Inflating illusory intelligence while obfuscating meaning with the utilization of sesquipedalian vocabulary is one of the myriad techniques employed by feckless essayists such as my past self.

Translation: one of my bad essay writing habits was using unnecessarily big words to describe something that could have been communicated just as well with simpler terms. Why? To sound smart and hide the fact that most of what I was saying was nonsense.

Why it’s bad:

To be clear, there’s nothing wrong with big or complicated words, especially if they convey what you’re saying more precisely than a simpler word. But I still find this decorative doublespeak bleeding into my writing. And that’s a big problem.

Complex words can elevate writing if used deliberately. But throwing them around willy-nilly just makes my writing more inaccessible to the average reader. If I want my message to reach as many people as possible, I need to make sure it’s easy to understand.

3. Make nonsensical connections

More often than not, the connections I had to make between text and meaning in order to support whatever ridiculous thesis I’d come up with at the eleventh hour were more weak than Harold Hill’s intentionally-ridiculous argument that a pool table would lead to youth corruption in The Music Man.

“Trouble with a capital T and that rhymes with P and that stands for pool!”

In my experience, you can argue pretty much anything about anything if you argue it forcefully enough.

Hell, in college I came up with a pretty in-depth joke theory that the film The Wizard of Oz was actually an allegory for World War Two written by a somewhat inept and confused time-traveler who then went further back in time to write the rest of the Land of Oz books under the name L. Frank Baum just to throw people off. (If you’re interested, I posted most of it on TV Tropesfor the lulz.)

Why it’s bad:

While pretty much anything went in literary interpretation provided my professor believed it too (see below), I feel that my writing now should strive towards some kind of truth. I can’t just make up crap to sound smart or unique or creative; I should genuinely believe what I’m saying.

Which brings me to my last point.

4. Your audience’s beliefs are your beliefs now

I learned very quickly that the key to passing a course was to accurately read my professor’s views and cater my arguments to them. I think this is a common survival tactic amongst English students.

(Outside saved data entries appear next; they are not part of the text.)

lemma prob_empirical_prob_ge:
  assumes "n > 0" "t \<ge> 0"
  shows "measure_pmf.prob (Pi_pmf {..<n} d (\<lambda>_. p))
           {X. measure_pmf.prob p A + t \<le> empirical_prob n X A} \<le> exp (-2 * real n * t\<^sup>2)"
proof -
  interpret binomial_distribution n "measure_pmf.prob p A" by unfold_locales auto
  have "{X. measure_pmf.prob p A + t \<le> empirical_prob n X A} =
      (\<lambda>X. card {i \<in> {..<n}. X i \<in> A}) -` {x. measure_pmf.prob p A + t \<le> real x / real n}"
    by (simp add: empirical_prob_def)
  then have "measure_pmf.prob (Pi_pmf {..<n} d (\<lambda>_. p)) {X. measure_pmf.prob p A + t \<le> empirical_prob n X A}
      = measure_pmf.prob (binomial_pmf n (measure_pmf.prob p A)) {x. measure_pmf.prob p A + t \<le> real x / real n}"
    by (simp only: binomial_pmf_eq_map_count[of n p A d] measure_map_pmf)
  also have "\<dots> \<le> exp (-2 * real n * t\<^sup>2)" using prob_ge'[OF assms] by simp
  finally show ?thesis .
qed

lemma l1_dist_le_truncation:
  fixes q :: "nat \<Rightarrow> real"
  assumes q_nonneg: "\<And>j. q j \<ge> 0" and q_partial_sums: "\<And>m. (\<Sum>j<m. q j) \<le> 1"
  shows "l1_dist q p \<le> (\<Sum>j<k. \<bar>q j - pmf p j\<bar>) + (1 - (\<Sum>j<k. q j)) + (1 - measure_pmf.prob p {..<k})"
    (is "_ \<le> ?C")
proof -
  define f where "f j = \<bar>q j - pmf p j\<bar>" for j
  have partial: "(\<Sum>j<m. f j) \<le> ?C" for m
  proof -
    define M where "M = max m k"
    have split: "{..<M} = {..<k} \<union> {k..<M}" "{..<k} \<inter> {k..<M} = {}" by (auto simp: M_def)
    have "(\<Sum>j<m. f j) \<le> (\<Sum>j<M. f j)"
      unfolding M_def f_def by (intro sum_mono2) auto
    also have "\<dots> = (\<Sum>j<k. f j) + (\<Sum>j\<in>{k..<M}. f j)"
      unfolding split(1) by (rule sum.union_disjoint) (use split(2) in auto)
    also have "(\<Sum>j\<in>{k..<M}. f j) \<le> (\<Sum>j\<in>{k..<M}. q j) + (\<Sum>j\<in>{k..<M}. pmf p j)"
      unfolding f_def sum.distrib[symmetric] using q_nonneg by (intro sum_mono) (simp add: abs_le_iff)
    also have "(\<Sum>j\<in>{k..<M}. q j) = (\<Sum>j<M. q j) - (\<Sum>j<k. q j)"
      unfolding split(1) by (subst sum.union_disjoint) (use split(2) in auto)
    also have "(\<Sum>j\<in>{k..<M}. pmf p j) = measure_pmf.prob p {k..<M}"
      by (simp add: measure_measure_pmf_finite)
    also have "\<dots> \<le> measure_pmf.prob p (UNIV - {..<k})"
      by (intro measure_pmf.finite_measure_mono) auto
    also have "\<dots> = 1 - measure_pmf.prob p {..<k}"
      using measure_pmf.prob_compl[of "{..<k}" p] by simp
    finally show ?thesis using q_partial_sums[of M] unfolding f_def by linarith
  qed
  have "summable f" by (rule summableI_nonneg_bounded[OF _ partial]) (simp add: f_def)
  then have "suminf f \<le> ?C" using partial by (rule suminf_le_const)
  then show ?thesis unfolding l1_dist_def f_def .
qed

lemma exists_proper_subset_sum_ge:
  fixes d :: "'a \<Rightarrow> real"
  assumes "finite I" "sum d I < (\<Sum>j\<in>I. \<bar>d j\<bar>)" "0 < t" "2 * t \<le> (\<Sum>j\<in>I. \<bar>d j\<bar>) + sum d I"
  shows "\<exists>A\<subseteq>I. A \<noteq> {} \<and> A \<noteq> I \<and> t \<le> sum d A"
proof -
  define A where "A = {j \<in> I. 0 < d j}"
  have "(\<Sum>j\<in>I. \<bar>d j\<bar>) + sum d I = (\<Sum>j\<in>I. if 0 < d j then 2 * d j else 0)"
    unfolding sum.distrib[symmetric] by (intro sum.cong) auto
  also have "\<dots> = 2 * (\<Sum>j\<in>I. if 0 < d j then d j else 0)"
    unfolding sum_distrib_left by (intro sum.cong) auto
  also have "\<dots> = 2 * sum d A"
    unfolding A_def using assms(1) by (simp add: sum.inter_filter)
  finally have "t \<le> sum d A" using assms(4) by simp
  moreover have "A \<noteq> I"
  proof
    assume "A = I"
    then have "\<forall>j\<in>I. 0 < d j" unfolding A_def by blast
    then have "(\<Sum>j\<in>I. \<bar>d j\<bar>) = sum d I" by (intro sum.cong) auto
    then show False using assms(2) by simp
  qed
  moreover have "A \<noteq> {}" using \<open>t \<le> sum d A\<close> assms(3) by force
  moreover have "A \<subseteq> I" unfolding A_def by blast
  ultimately show ?thesis by blast
qed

Some of what I considered the better-written papers early in my college career got iffy grades. Generally this was because my professor didn’t like my thesis and the arguments I tried to support it with.

However, I found that if they agreed with the thesis, it didn’t matter how weak my arguments were. I’d already won their approval and the good grade to go with it.

In the end, essays are subjective — that’s the nature of the game. In a way I’d have been a fool not to learn how to play.

Why it’s bad:

Look, there’s something to be said for knowing my audience. I’m writing for them. I need to understand what their thoughts, beliefs, and needs are.

But I’m writing for myself, too.

I shouldn’t just say whatever I think my readers want to hear. I should be sharing something of myself with them — my genuine feelings, loves, fears, and overall understanding of the world.

There’s no shortage of people ready to create an echo chamber for their audience in exchange for fame, accolades, or money. It’s so easy even an empty room can do it.

But that’s not what I want to do. I want to provide what only I can provide as a writer, and that means knowing my own beliefs and sticking to them. Otherwise I’m not creating something valuable; I’m just making noise.